◆ **Stored data entries**
□ □ □ □ □
(* Fix $n\ge 2$ and let $W\subseteq\{1,\dots,n\}^{\mathbb{Z}}$ be an infinite totally transitive subshift. Then there is a sequence of subshifts $X_m\subseteq\{1,\dots,n\}^{\mathbb{Z}}$ such that each $(X_m,\sigma)$ is a CAM $\mathbb{Z}$-system and $X_m\to W$ in the Hausdorff metric on closed subsets of $\{1,\dots,n\}^{\mathbb{Z}}$.
   Context: $\{1,\dots,n\}^{\mathbb{Z}}$ carries the metric $d(x,y)=2^{-\inf\{|k|:x_k\neq y_k\}}$ and the shift $(\sigma x)_k=x_{k+1}$; a subshift is a closed $\sigma$-invariant subset. A subshift $W$ is totally transitive if $(W,\sigma^k)$ is topologically transitive for every $k\ge1$. A $\mathbb{Z}$-system $(X,T)$ is a compact metric space with a homeomorphism $T$; it is topologically transitive if for all nonempty open $U,V$ there is $j$ with $T^jU\cap V\neq\emptyset$; the action is faithful if $T^j=\mathrm{id}$ only for $j=0$; a point is periodic if its orbit is finite. The system is chaotic almost minimal (CAM) if: (1) it is topologically transitive and the action is faithful; (2) the periodic points are dense; (3) every proper closed $T$-invariant subset is finite. *)

theory Defs
  imports Complex_Main
begin

type_synonym config = "int \<Rightarrow> nat"

definition full_shift :: "nat \<Rightarrow> config set" where
  "full_shift n = {x. \<forall>k. x k \<in> {1..n}}"

definition sdist :: "config \<Rightarrow> config \<Rightarrow> real" where
  "sdist x y = (if x = y then 0
     else (1/2) ^ (LEAST m. \<exists>k. nat \<bar>k\<bar> = m \<and> x k \<noteq> y k))"

definition shift :: "config \<Rightarrow> config" where
  "shift x = (\<lambda>k. x (k + 1))"

definition shift_pow :: "int \<Rightarrow> config \<Rightarrow> config" where
  "shift_pow j x = (\<lambda>k. x (k + j))"

definition closed_in_shift :: "nat \<Rightarrow> config set \<Rightarrow> bool" where
  "closed_in_shift n A \<longleftrightarrow> A \<subseteq> full_shift n \<and>
     (\<forall>x \<in> full_shift n. (\<forall>e>0. \<exists>y\<in>A. sdist x y < e) \<longrightarrow> x \<in> A)"

definition subshift :: "nat \<Rightarrow> config set \<Rightarrow> bool" where
  "subshift n X \<longleftrightarrow> closed_in_shift n X \<and> shift ` X = X"

definition open_in_X :: "config set \<Rightarrow> config set \<Rightarrow> bool" where
  "open_in_X X U \<longleftrightarrow> U \<subseteq> X \<and>
     (\<forall>x\<in>U. \<exists>e>0. \<forall>y\<in>X. sdist x y < e \<longrightarrow> y \<in> U)"

definition transitive_pow :: "config set \<Rightarrow> int \<Rightarrow> bool" where
  "transitive_pow X p \<longleftrightarrow>
     (\<forall>U V. open_in_X X U \<and> open_in_X X V \<and> U \<noteq> {} \<and> V \<noteq> {} \<longrightarrow>
        (\<exists>j::int. shift_pow (p * j) ` U \<inter> V \<noteq> {}))"

definition totally_transitive :: "config set \<Rightarrow> bool" where
  "totally_transitive X \<longleftrightarrow> (\<forall>k::nat. k \<ge> 1 \<longrightarrow> transitive_pow X (int k))"

definition faithful :: "config set \<Rightarrow> bool" where
  "faithful X \<longleftrightarrow> (\<forall>j::int. (\<forall>x\<in>X. shift_pow j x = x) \<longrightarrow> j = 0)"

definition periodic_point :: "config set \<Rightarrow> config \<Rightarrow> bool" where
  "periodic_point X x \<longleftrightarrow> x \<in> X \<and> finite (range (\<lambda>j. shift_pow j x))"

definition CAM :: "config set \<Rightarrow> bool" where
  "CAM X \<longleftrightarrow>
     transitive_pow X 1 \<and> faithful X \<and>
     (\<forall>x\<in>X. \<forall>e>0. \<exists>p. periodic_point X p \<and> sdist x p < e) \<and>
     (\<forall>Y. Y \<subseteq> X \<and> Y \<noteq> X \<and>
          (\<forall>x\<in>X. (\<forall>e>0. \<exists>y\<in>Y. sdist x y < e) \<longrightarrow> x \<in> Y) \<and>
          shift ` Y = Y \<longrightarrow> finite Y)"

definition hausdorff :: "config set \<Rightarrow> config set \<Rightarrow> real" where
  "hausdorff A B = max (SUP a\<in>A. INF b\<in>B. sdist a b) (SUP b\<in>B. INF a\<in>A. sdist a b)"

end

theory Submission
  imports Defs "HOL-Library.Sublist" "HOL-Library.Infinite_Set"
begin

text \<open>
  Given words \<open>a\<close>, \<open>b\<close> that differ at some position, define blocks \<open>B\<^sub>0 = a\<close>, \<open>B\<^sub>1 = a b\<close> and
  \<open>B\<^sub>k\<^sub>+\<^sub>2 = B\<^sub>k\<^sub>+\<^sub>1 B\<^sub>0\<^sup>k\<^sup>+\<^sup>2 B\<^sub>k\<^sub>+\<^sub>1 B\<^sub>1\<^sup>k\<^sup>+\<^sup>2 B\<^sub>k\<^sub>+\<^sub>1 \<dots> B\<^sub>k\<^sub>+\<^sub>1\<^sup>k\<^sup>+\<^sup>2 B\<^sub>k\<^sub>+\<^sub>1\<close>,
  and let \<open>X\<close> consist of the points all of whose windows occur in some block. Each block contains
  all earlier ones, which makes \<open>X\<close> transitive and the periodic points \<open>B\<^sub>K\<^sup>\<infinity>\<close> dense, and \<open>X\<close> is
  infinite because it contains the words \<open>a\<^sup>c b\<close>. Between two consecutive occurrences of \<open>B\<^sub>K\<close> in a
  later block there is only a power of a lower block, so a point of \<open>X\<close> that avoids \<open>B\<^sub>K\<close> is one
  of finitely many periodic points. Hence an infinite closed invariant subset sees every block and
  is all of \<open>X\<close>: the system is CAM.

  To approximate \<open>W\<close> up to \<open>2\<^sup>-\<^sup>m\<close>, the words are taken from \<open>W\<close>. Being infinite, \<open>W\<close> has a word \<open>S\<close>
  with two different one-letter extensions to the right. Total transitivity yields a word \<open>a\<close>
  containing every word of length \<open>2m+1\<close> of \<open>W\<close> and returning to its own beginning \<open>J\<close> of length
  \<open>2m\<close>, i.e. \<open>a J\<close> is a word of \<open>W\<close>; \<open>b\<close> is \<open>a\<close> with the continuation after one occurrence of \<open>S\<close>
  switched. Concatenations of such words overlap in \<open>J\<close>, so all their factors of length \<open>2m+1\<close>
  occur in \<open>W\<close>, and \<open>X\<close> and \<open>W\<close> have the same words of length \<open>2m+1\<close>.
\<close>

section \<open>Words\<close>

lemma sublist_iff_nth:
  "sublist xs ys \<longleftrightarrow> (\<exists>p. p + length xs \<le> length ys \<and> (\<forall>t<length xs. xs ! t = ys ! (p + t)))"
proof
  assume "sublist xs ys"
  then obtain ps ss where "ys = ps @ xs @ ss" by (auto simp: sublist_def)
  then show "\<exists>p. p + length xs \<le> length ys \<and> (\<forall>t<length xs. xs ! t = ys ! (p + t))"
    by (intro exI[of _ "length ps"]) (auto simp: nth_append)
next
  assume "\<exists>p. p + length xs \<le> length ys \<and> (\<forall>t<length xs. xs ! t = ys ! (p + t))"
  then obtain p where p: "p + length xs \<le> length ys" "\<forall>t<length xs. xs ! t = ys ! (p + t)"
    by blast
  then have "xs = take (length xs) (drop p ys)"
    by (intro nth_equalityI) auto
  then have "ys = take p ys @ xs @ drop (length xs) (drop p ys)"
    by (metis append_take_drop_id)
  then show "sublist xs ys" unfolding sublist_def by blast
qed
□ □ □ □ □
◆ **TASK REQUIREMENTS**
Find each line above that contains "imports", and copy those lines.

◆ **RESPONSE TO THE TASK**
  imports Complex_Main
  imports Defs "HOL-Library.Sublist" "HOL-Library.Infinite_Set"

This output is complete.